*INSTRUCTIONS FOR THE TASK*
The material below holds a span beginning at the line with "a b permutes" and ending at the line with "using p(2) assms(3,4)". Quote that span exactly, both ends included, and only that span.

*INPUT*
= = = = = = =
definition cat_edge_clus ::
  "'e set \<Rightarrow> ('e \<Rightarrow> 'v set) \<Rightarrow> ('e \<Rightarrow> nat) \<Rightarrow> ('v \<Rightarrow> nat) \<Rightarrow> nat" where
  "cat_edge_clus E hedge lab Y = card {e \<in> E. \<exists>i\<in>hedge e. Y i \<noteq> lab e}"

definition opt_clus ::
  "'v set \<Rightarrow> 'e set \<Rightarrow> ('e \<Rightarrow> 'v set) \<Rightarrow> nat \<Rightarrow> ('e \<Rightarrow> nat) \<Rightarrow> nat" where
  "opt_clus V E hedge k lab = Min ((\<lambda>Y. cat_edge_clus E hedge lab Y) ` (V \<rightarrow>\<^sub>E {1..k}))"

definition lp_feasible ::
  "'v set \<Rightarrow> 'e set \<Rightarrow> ('e \<Rightarrow> 'v set) \<Rightarrow> nat \<Rightarrow> ('e \<Rightarrow> nat)
   \<Rightarrow> ('v \<Rightarrow> nat \<Rightarrow> real) \<Rightarrow> ('e \<Rightarrow> real) \<Rightarrow> bool" where
  "lp_feasible V E hedge k lab xv xe \<longleftrightarrow>
     (\<forall>v\<in>V. (\<Sum>c=1..k. xv v c) = real k - 1) \<and>
     (\<forall>e\<in>E. \<forall>v\<in>hedge e. xv v (lab e) \<le> xe e) \<and>
     (\<forall>v\<in>V. \<forall>c\<in>{1..k}. 0 \<le> xv v c \<and> xv v c \<le> 1) \<and>
     (\<forall>e\<in>E. 0 \<le> xe e \<and> xe e \<le> 1)"

definition lp_optimal ::
  "'v set \<Rightarrow> 'e set \<Rightarrow> ('e \<Rightarrow> 'v set) \<Rightarrow> nat \<Rightarrow> ('e \<Rightarrow> nat)
   \<Rightarrow> ('v \<Rightarrow> nat \<Rightarrow> real) \<Rightarrow> ('e \<Rightarrow> real) \<Rightarrow> bool" where
  "lp_optimal V E hedge k lab xv xe \<longleftrightarrow> lp_feasible V E hedge k lab xv xe \<and>
     (\<forall>yv ye. lp_feasible V E hedge k lab yv ye \<longrightarrow> (\<Sum>e\<in>E. xe e) \<le> (\<Sum>e\<in>E. ye e))"

text \<open>A priority order is a permutation p of {1..k}; category c has
  higher priority than c' iff p c < p c'. A node in some S_c
  goes to the highest-priority such c; otherwise it gets the arbitrary category
  dflt p v (allowed to depend on the permutation).\<close>
definition round_clus ::
  "nat \<Rightarrow> ('v \<Rightarrow> nat \<Rightarrow> real) \<Rightarrow> real \<Rightarrow> (nat \<Rightarrow> nat) \<Rightarrow> ((nat \<Rightarrow> nat) \<Rightarrow> 'v \<Rightarrow> nat)
   \<Rightarrow> 'v \<Rightarrow> nat" where
  "round_clus k xv t p dflt v =
     (let S = {c\<in>{1..k}. xv v c < t} in
      if S = {} then dflt p v
      else (THE c. c \<in> S \<and> (\<forall>c'\<in>S. p c \<le> p c')))"

definition expected_cost ::
  "'e set \<Rightarrow> ('e \<Rightarrow> 'v set) \<Rightarrow> nat \<Rightarrow> ('e \<Rightarrow> nat) \<Rightarrow> ('v \<Rightarrow> nat \<Rightarrow> real) \<Rightarrow> real
   \<Rightarrow> ((nat \<Rightarrow> nat) \<Rightarrow> 'v \<Rightarrow> nat) \<Rightarrow> real" where
  "expected_cost E hedge k lab xv t dflt =
     (\<Sum>p\<in>{p. p permutes {1..k}}.
        real (cat_edge_clus E hedge lab (round_clus k xv t p dflt)))
     / real (card {p. p permutes {1..k}})"

end

theory Submission
  imports Defs
begin

text \<open>Fix an edge e with label c and LP value x_e < t. Every node of e has x_v^c \<le> x_e < t,
  so e is uncut whenever c has the highest priority among c and the set T of rival categories
  d \<noteq> c lying below the threshold at some node of e; by symmetry this happens with probability
  1/(|T|+1). If T is nonempty, some node v has x_v^d < t for a d \<noteq> c, and \<Sum>_c x_v^c = k-1
  forces x_e \<ge> x_v^c \<ge> 1 - x_v^d > 1 - t. So e is cut with probability at most
  |T|/(|T|+1) \<le> \<alpha> x_e whenever |T| \<le> B and B/(B+1) \<le> \<alpha>(1-t), while edges with x_e \<ge> t
  cost at most 1 \<le> \<alpha> x_e when \<alpha> t \<ge> 1; the LP optimum bounds the optimal clustering from below.
  For t = k/(2k-1) take B = k-1. For t = (r+1)/(2r+1) \<le> 2/3 take B = r: a node carrying two
  rivals d, d' would give x_e \<ge> (1 - x_v^d) + (1 - x_v^d') > 2 - 2t \<ge> t.\<close>

definition ranks_first :: "('a \<Rightarrow> 'b::linorder) \<Rightarrow> 'a set \<Rightarrow> 'a \<Rightarrow> bool" where
  "ranks_first p A a \<longleftrightarrow> (\<forall>a'\<in>A. a' \<noteq> a \<longrightarrow> p a < p a')"

lemma card_permutes_ranks_first_le:
  fixes S A :: "'a::linorder set"
  assumes "finite S" "A \<subseteq> S" "a \<in> A" "b \<in> A"
  shows "card {p. p permutes S \<and> ranks_first p A a} \<le> card {p. p permutes S \<and> ranks_first p A b}"
proof -
  let ?swap = "\<lambda>p. p \<circ> transpose a b"
  have "inj_on ?swap {p. p permutes S \<and> ranks_first p A a}"
    by (rule inj_onI) (metis comp_assoc comp_id swap_id_idempotent)
  moreover have "?swap ` {p. p permutes S \<and> ranks_first p A a} \<subseteq> {p. p permutes S \<and> ranks_first p A b}"
  proof (rule image_subsetI, clarify)
    fix p assume p: "p permutes S" "ranks_first p A a"
    have "transpose a b permutes S"
      using assms by (intro permutes_swap_id) auto
    then have "?swap p permutes S" by (rule permutes_compose[OF _ p(1)])
    moreover have "ranks_first (?swap p) A b"
      using p(2) assms(3,4) unfolding ranks_first_def by (auto simp: transpose_def)
    ultimately show "?swap p permutes S \<and> ranks_first (?swap p) A b" ..
  qed
  moreover have "finite {p. p permutes S \<and> ranks_first p A b}"
    using finite_permutations[OF assms(1)] by (rule rev_finite_subset) auto
  ultimately show ?thesis by (rule card_inj_on_le)
qed

lemma card_permutes_ranks_first:
  fixes S A :: "'a::linorder set"
  assumes "finite S" "A \<subseteq> S" "c \<in> A"
  shows "card {p. p permutes S \<and> ranks_first p A c} * card A = card {p. p permutes S}"
proof -
  let ?P = "\<lambda>a. {p. p permutes S \<and> ranks_first p A a}"
  have finA: "finite A" using assms finite_subset by blast
  have same_card: "card (?P a) = card (?P c)" if "a \<in> A" for a
    using card_permutes_ranks_first_le[OF assms(1,2) that assms(3)]
      card_permutes_ranks_first_le[OF assms(1,2) assms(3) that] by simp
  have "{p. p permutes S} = (\<Union>a\<in>A. ?P a)"
  proof (intro equalityI subsetI)
    fix p assume "p \<in> {p. p permutes S}"
    then have p: "p permutes S" by simp
    obtain a where a: "a \<in> A" "p a = Min (p ` A)"
      using Min_in[of "p ` A"] finA assms(3) by fastforce
    have "p a \<le> p a'" if "a' \<in> A" for a'
      using a that finA by simp
    then have "ranks_first p A a"
      unfolding ranks_first_def using permutes_inj[OF p] by (metis injD order_le_less)
    with a p show "p \<in> (\<Union>a\<in>A. ?P a)" by blast
  qed auto
  also have "card \<dots> = (\<Sum>a\<in>A. card (?P a))"
  proof (rule card_UN_disjoint[OF finA])
    show "\<forall>a\<in>A. finite (?P a)"
      using finite_permutations[OF assms(1)] by (auto intro: rev_finite_subset)
    show "\<forall>a\<in>A. \<forall>b\<in>A. a \<noteq> b \<longrightarrow> ?P a \<inter> ?P b = {}"
      unfolding ranks_first_def by (fastforce dest: order.asym)
  qed
  also have "\<dots> = (\<Sum>a\<in>A. card (?P c))" using same_card by (rule sum.cong[OF refl])
  finally show ?thesis by simp
qed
= = = = = = =
*REPLY TO THE TASK*
    have "transpose a b permutes S"
      using assms by (intro permutes_swap_id) auto
    then have "?swap p permutes S" by (rule permutes_compose[OF _ p(1)])
    moreover have "ranks_first (?swap p) A b"
      using p(2) assms(3,4) unfolding ranks_first_def by (auto simp: transpose_def)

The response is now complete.